The Defendant calculated a surcharge for voluntary adjustment against each of the enterprisers who committed the instant unfair collaborative acts, and then calculated a surcharge for the amount equivalent to 5% of the average sales of each of the enterprisers. The imposition of a surcharge for each of the above businesses is based on Article 22 of the former Fair Trade Act (amended by Act No. 7315 of Dec. 31, 2004) and Article 9(1) of the former Enforcement Decree of the Fair Trade Act (amended by Presidential Decree No. 18768 of Mar. 31, 2005), which provides that an enterpriser who committed the unfair collaborative act shall be subject to the imposition of a surcharge within the scope not exceeding the amount calculated by multiplying the average sales of the three business years by 5/100. This is understood as having determined the upper limit of the surcharge based on the average sales of each enterpriser. Accordingly, even if the amount of the surcharge calculated as above was determined as a surcharge for the unfair collaborative act by taking into account the content and degree of the violation, and the amount of profit acquired from the violation, it can be determined as a more unfair collaborative act.

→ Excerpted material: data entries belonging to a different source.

lemma c_partial_sum_le:
  assumes x: "x \<ge> 0" and N: "N \<ge> 1"
  shows "c_partial_sum n x N \<le> 1 + x * c_partial_sum n x (N-1) ^ (2*n+2)"
proof -
  define p where "p = 2*n+2"
  have "c_partial_sum n x N = 1 + (\<Sum>m\<in>{1..N}. c n m * x ^ m)"
    unfolding c_partial_sum_def by (subst atMost_atLeast0) (simp add: sum.atLeast_Suc_atMost)
  also have "(\<Sum>m\<in>{1..N}. c n m * x ^ m) \<le> (\<Sum>m\<in>{1..N}. fps_nth (c_fps n ^ p) (m-1) * x ^ m)"
    using c_le_nth_c_fps_power x by (intro sum_mono mult_right_mono) (auto simp: p_def)
  also have "\<dots> = x * (\<Sum>k<N. fps_nth (c_fps n ^ p) k * x ^ k)"
  proof -
    have "(\<Sum>m\<in>{1..N}. fps_nth (c_fps n ^ p) (m-1) * x ^ m) = (\<Sum>k<N. fps_nth (c_fps n ^ p) k * x ^ (Suc k))"
      by (rule sum.reindex_bij_witness[where i=Suc and j="\<lambda>m. m - 1"]) auto
    then show ?thesis by (simp add: sum_distrib_left algebra_simps)
  qed
  also have "(\<Sum>k<N. fps_nth (c_fps n ^ p) k * x ^ k) =
      (\<Sum>k<N. \<Sum>g\<in>weak_compositions p k. \<Prod>i<p. c n (g i) * x ^ (g i))"
  proof (intro sum.cong refl)
    fix k
    have "x ^ k = (\<Prod>i<p. x ^ g i)" if "g \<in> weak_compositions p k" for g
      using that power_sum[of x g "{..<p}"] by (simp add: weak_compositions_def)
    then show "fps_nth (c_fps n ^ p) k * x ^ k = (\<Sum>g\<in>weak_compositions p k. \<Prod>i<p. c n (g i) * x ^ (g i))"
      unfolding c_fps_power_nth sum_distrib_right by (intro sum.cong refl) (simp add: prod.distrib)
  qed
  also have "\<dots> \<le> (\<Sum>j<N. c n j * x ^ j) ^ p"
    using x by (intro sum_prod_weak_compositions_le_power mult_nonneg_nonneg c_nonneg) auto
  also have "(\<Sum>j<N. c n j * x ^ j) = c_partial_sum n x (N-1)"
    using N by (simp add: c_partial_sum_def lessThan_Suc_atMost[symmetric])
  finally show ?thesis using x by (simp add: p_def mult_left_mono)
qed

lemma c_partial_sum_le_2: "c_partial_sum n (1 / 2^(2*n+4)) N \<le> 2"
proof (induction N)
  case 0 then show ?case by (simp add: c_partial_sum_def)
next
  case (Suc N)
  define x :: real where "x = 1 / 2^(2*n+4)"
  have x0: "x \<ge> 0" by (simp add: x_def)
  have "c_partial_sum n x (Suc N) \<le> 1 + x * c_partial_sum n x N ^ (2*n+2)"
    using c_partial_sum_le[OF x0, of "Suc N" n] by simp
  also have "\<dots> \<le> 1 + x * 2 ^ (2*n+2)"
    using Suc c_partial_sum_nonneg[OF x0, of n N] x0 unfolding x_def[symmetric]
    by (intro add_left_mono mult_left_mono power_mono) auto
  also have "x * 2 ^ (2*n+2) = 1/4" by (simp add: x_def power_add)
  finally show ?case by (simp add: x_def)
qed

lemma c_upper_bound: "c n m \<le> 2 * (2^(2*n+4)) ^ m"
proof -
  define x :: real where "x = 1 / 2^(2*n+4)"
  have "c n m * x ^ m \<le> c_partial_sum n x m"
    unfolding c_partial_sum_def by (rule member_le_sum) (auto intro!: mult_nonneg_nonneg c_nonneg simp: x_def)
  also have "\<dots> \<le> 2" unfolding x_def by (rule c_partial_sum_le_2)
  finally have "c n m * x ^ m \<le> 2" .
  then show ?thesis by (simp add: x_def field_simps power_one_over)
qed

section \<open>The radius \<open>R n\<close> and Cauchy's inequality for \<open>M n\<close>\<close>

definition c_root_limsup :: "nat \<Rightarrow> ereal" where
  "c_root_limsup n = limsup (\<lambda>j. ereal (root j \<bar>c n j\<bar>))"

lemma root_c_upper_bound: "root j \<bar>c n j\<bar> \<le> 2^(2*n+5)"
proof (cases "j = 0")
  case True then show ?thesis by simp
next
  case False
  have "\<bar>c n j\<bar> = c n j" using c_nonneg by simp
  also have "\<dots> \<le> 2 * (2^(2*n+4)) ^ j" by (rule c_upper_bound)
  also have "\<dots> \<le> (2^(2*n+5)) ^ j"
  proof -
    have "(2::real) ^ 1 \<le> 2 ^ j" using False by (intro power_increasing) auto
    then have "2 * (2^(2*n+4)) ^ j \<le> (2::real) ^ j * (2^(2*n+4)) ^ j" by (intro mult_right_mono) auto
    also have "\<dots> = (2 * 2^(2*n+4)) ^ j" by (rule power_mult_distrib[symmetric])
    also have "(2::real) * 2^(2*n+4) = 2^(2*n+5)" by (simp add: power_Suc[symmetric] del: power_Suc)
    finally show ?thesis .
  qed
  finally have "root j \<bar>c n j\<bar> \<le> root j ((2^(2*n+5)) ^ j)"
    using False by (intro real_root_le_mono) auto
  also have "\<dots> = 2^(2*n+5)" using False by (simp add: real_root_power_cancel)
  finally show ?thesis .
qed

lemma eventually_root_c_lower_bound: "eventually (\<lambda>j. 3 * real (2*n+2) / 4 \<le> root j \<bar>c n j\<bar>) sequentially"
proof -
  have "eventually (\<lambda>m. real m * (2 * real n + 2) \<le> (4/3::real)^m) at_top"
    by real_asymp
  moreover have "eventually (\<lambda>m::nat. m \<ge> 1) at_top" by (rule eventually_ge_at_top)
  ultimately show ?thesis
  proof eventually_elim
    case (elim m)
    define Q :: real where "Q = real (2*n+2)"
    have Q: "Q > 0" by (simp add: Q_def)
    have mQ: "real m * Q \<le> (4/3)^m" using elim by (simp add: Q_def add.commute)
    have e34: "3 * Q / 4 = (3/4) * Q" by simp
    have "(3 * Q / 4) ^ m = (3/4)^m * Q^m" by (simp only: e34 power_mult_distrib)
    also have "\<dots> \<le> Q ^ (m-1) / real m"
    proof -
      have "(3/4)^m * Q^m * (real m * Q) \<le> (3/4)^m * Q^m * (4/3)^m"
        using mQ Q by (intro mult_left_mono) auto
      also have "\<dots> = Q^m" by (simp add: power_mult_distrib[symmetric])
      also have "\<dots> = Q^(m-1) * Q" using elim by (cases m) auto
      finally have "(3/4)^m * Q^m * (real m * Q) \<le> Q^(m-1) * Q" .
      then have "(3/4)^m * Q^m * real m \<le> Q^(m-1)" using Q by (simp add: mult_ac)
      then show ?thesis using elim by (simp add: field_simps)
    qed
    also have "\<dots> \<le> c n m" using c_lower_bound[OF elim(2)] by (simp add: Q_def)
    finally have "(3 * Q / 4) ^ m \<le> \<bar>c n m\<bar>" by simp
    then have "root m ((3 * Q / 4) ^ m) \<le> root m \<bar>c n m\<bar>"
      using elim by (intro real_root_le_mono) auto
    then show ?case using elim Q by (simp add: real_root_power_cancel Q_def)
  qed
qed

lemma c_root_limsup_bounds: "ereal (3 * real (2*n+2) / 4) \<le> c_root_limsup n" "c_root_limsup n \<le> ereal (2^(2*n+5))"
proof -
  show "ereal (3 * real (2*n+2) / 4) \<le> c_root_limsup n"
    unfolding c_root_limsup_def using eventually_root_c_lower_bound[of n]
    by (intro le_Limsup) (auto elim: eventually_mono)
  show "c_root_limsup n \<le> ereal (2^(2*n+5))"
    unfolding c_root_limsup_def using root_c_upper_bound[of _ n]
    by (intro Limsup_bounded) auto
qed

lemma c_root_limsup_real:
  obtains l where "c_root_limsup n = ereal l" "l \<ge> 3 * real (2*n+2) / 4" "R n = real (2*n+1) / l"
proof -
  from c_root_limsup_bounds[of n] obtain l where l: "c_root_limsup n = ereal l"
    by (cases "c_root_limsup n") auto
  then have "R n = real (2*n+1) / l"
    unfolding R_def c_root_limsup_def[symmetric] by simp
  with l c_root_limsup_bounds[of n] show ?thesis using that by auto
qed

lemma R_bounds: "R n > 0" "R n < 4/3"
proof -
  obtain l where l: "c_root_limsup n = ereal l" "l \<ge> 3 * real (2*n+2) / 4" "R n = real (2*n+1) / l"
    by (rule c_root_limsup_real)
  have "l > 0" by (rule order.strict_trans2[OF _ l(2)]) simp
  then show "R n > 0" using l(3) by simp
  have "R n * l < 4/3 * l" using l(2,3) \<open>l > 0\<close> by simp
  then show "R n < 4/3" using \<open>l > 0\<close> by simp
qed

definition ybar_fps :: "nat \<Rightarrow> complex fps" where
  "ybar_fps n = Abs_fps (\<lambda>j. complex_of_real ((-1)^j / real (2*n+1)^j * c n j))"

lemma ybar_eq_eval_fps: "ybar n = eval_fps (ybar_fps n)"
  by (simp add: fun_eq_iff ybar_def eval_fps_def ybar_fps_def)

lemma fps_conv_radius_ybar_fps: "fps_conv_radius (ybar_fps n) = ereal (R n)"
proof -
  obtain l where l: "c_root_limsup n = ereal l" "l \<ge> 3 * real (2*n+2) / 4" "R n = real (2*n+1) / l"
    by (rule c_root_limsup_real)
  have lpos: "l > 0" by (rule order.strict_trans2[OF _ l(2)]) simp
  define q where "q = real (2*n+1)"
  have q: "q > 0" by (simp add: q_def)
  have seq: "ereal (root j (norm (fps_nth (ybar_fps n) j))) = ereal (root j \<bar>c n j\<bar>) * ereal (1/q)" for j
  proof (cases "j = 0")
    case True then show ?thesis by simp
  next
    case False
    have "norm (fps_nth (ybar_fps n) j) = \<bar>c n j\<bar> / q ^ j"
      using norm_of_nat[of "2*n+1", where 'a=complex]
      by (simp add: ybar_fps_def q_def norm_mult norm_divide norm_power)
    then have "root j (norm (fps_nth (ybar_fps n) j)) = root j \<bar>c n j\<bar> / q"
      using False q by (simp add: real_root_divide real_root_power_cancel)
    then show ?thesis by simp
  qed
  have "fps_conv_radius (ybar_fps n) = inverse (limsup (\<lambda>j. ereal (root j \<bar>c n j\<bar>) * ereal (1/q)))"
    unfolding fps_conv_radius_def conv_radius_def seq ..
  also have "\<dots> = inverse (c_root_limsup n * ereal (1/q))"
    unfolding c_root_limsup_def using q by (subst limsup_ereal_mult_right) auto
  also have "\<dots> = ereal (q / l)" using l(1) lpos q by simp
  also have "q / l = R n" using l(3) by (simp add: q_def)
  finally show ?thesis .
qed

lemma holomorphic_ybar: "ybar n holomorphic_on ball 0 (R n)"
  unfolding ybar_eq_eval_fps by (rule holomorphic_on_eval_fps) (simp add: fps_conv_radius_ybar_fps)

lemma deriv_ybar_0: "deriv (ybar n) 0 = - 1 / of_nat (2*n+1)"
proof -
  have "(eval_fps (ybar_fps n) has_field_derivative eval_fps (fps_deriv (ybar_fps n)) 0) (at 0)"
    by (rule has_field_derivative_eval_fps) (simp add: fps_conv_radius_ybar_fps R_bounds)
  then have "deriv (ybar n) 0 = eval_fps (fps_deriv (ybar_fps n)) 0"
    unfolding ybar_eq_eval_fps by (rule DERIV_imp_deriv)
  also have "\<dots> = - 1 / of_nat (2*n+1)"
    by (simp add: eval_fps_at_0 ybar_fps_def c_1[unfolded One_nat_def])
  finally show ?thesis .
qed

lemma M_lower_bound: "M n \<ge> 3 * R n / (4 * real (2*n+1))"
proof -
  define \<rho> where "\<rho> = 3 * R n / 4"
  have \<rho>: "\<rho> > 0" "\<rho> < R n" using R_bounds[of n] by (auto simp: \<rho>_def)
  have cont: "continuous_on (cball 0 \<rho>) (ybar n)"
    by (rule holomorphic_on_imp_continuous_on, rule holomorphic_on_subset[OF holomorphic_ybar]) (use \<rho> in auto)
  have sph: "{z. cmod z = 3 * R n / 4} = sphere 0 \<rho>" by (auto simp: \<rho>_def)
  have "compact ((\<lambda>z. cmod (ybar n z)) ` sphere 0 \<rho>)"
    by (rule compact_continuous_image, rule continuous_on_norm, rule continuous_on_subset[OF cont])
       (auto simp: compact_sphere)
  then have bdd: "bdd_above ((\<lambda>z. cmod (ybar n z)) ` sphere 0 \<rho>)"
    by (auto intro: bounded_imp_bdd_above compact_imp_bounded)
  have nof: "norm (ybar n x) \<le> M n" if "norm (0 - x) = \<rho>" for x
    unfolding M_def sph using that by (intro cSup_upper bdd) auto
  have "norm ((deriv ^^ 1) (ybar n) 0) \<le> fact 1 * M n / \<rho> ^ 1"
    by (rule Cauchy_inequality[OF holomorphic_on_subset[OF holomorphic_ybar] cont \<rho>(1) nof])
       (use \<rho> in auto)
  then have "1 / real (2*n+1) \<le> M n / \<rho>"
    using norm_of_nat[of "2*n+1", where 'a=complex] by (simp add: deriv_ybar_0 norm_divide)
  then show ?thesis using \<rho> by (simp add: \<rho>_def field_simps)
qed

However, according to the facts acknowledged by the court below, the defendant's simple participation in the unfair collaborative act of this case and low market share were reduced by 30% by reflecting it in calculating a voluntary adjustment penalty surcharge. However, the defendant led the unfair collaborative act of this case and did not completely reduce the amount for three companies, such as ○○, etc. with high market share; the penalty surcharge imposed on three companies, such as ○○, etc. is much larger than the penalty surcharge imposed on the plaintiffs; three companies, such as ○○, etc. due to the upper limit of the penalty surcharge under the law, are 70% of the amount of the penalty surcharge imposed on the plaintiffs; and 57% of the amount of the penalty surcharge imposed on the plaintiffs. Accordingly, in light of the content and degree of the violation; the period and frequency of the violation; and the amount of profit acquired from the violation, it cannot be deemed that the defendant's disposition imposing the penalty surcharge imposed on the part of the participants of the unfair collaborative act is considerably unfair

Nevertheless, the court below erred in the misapprehension of the scope of discretion on the imposition of penalty surcharges, which affected the conclusion of the judgment, by misunderstanding the scope of discretion on the imposition of penalty surcharges.

3. Conclusion

Therefore, the part of the lower judgment against the Defendant is reversed, and that part of the case is remanded to the lower court for further proceedings consistent with this Opinion. The Plaintiffs’ appeals are all dismissed. It is so decided as per Disposition by the assent of all participating Justices on the bench.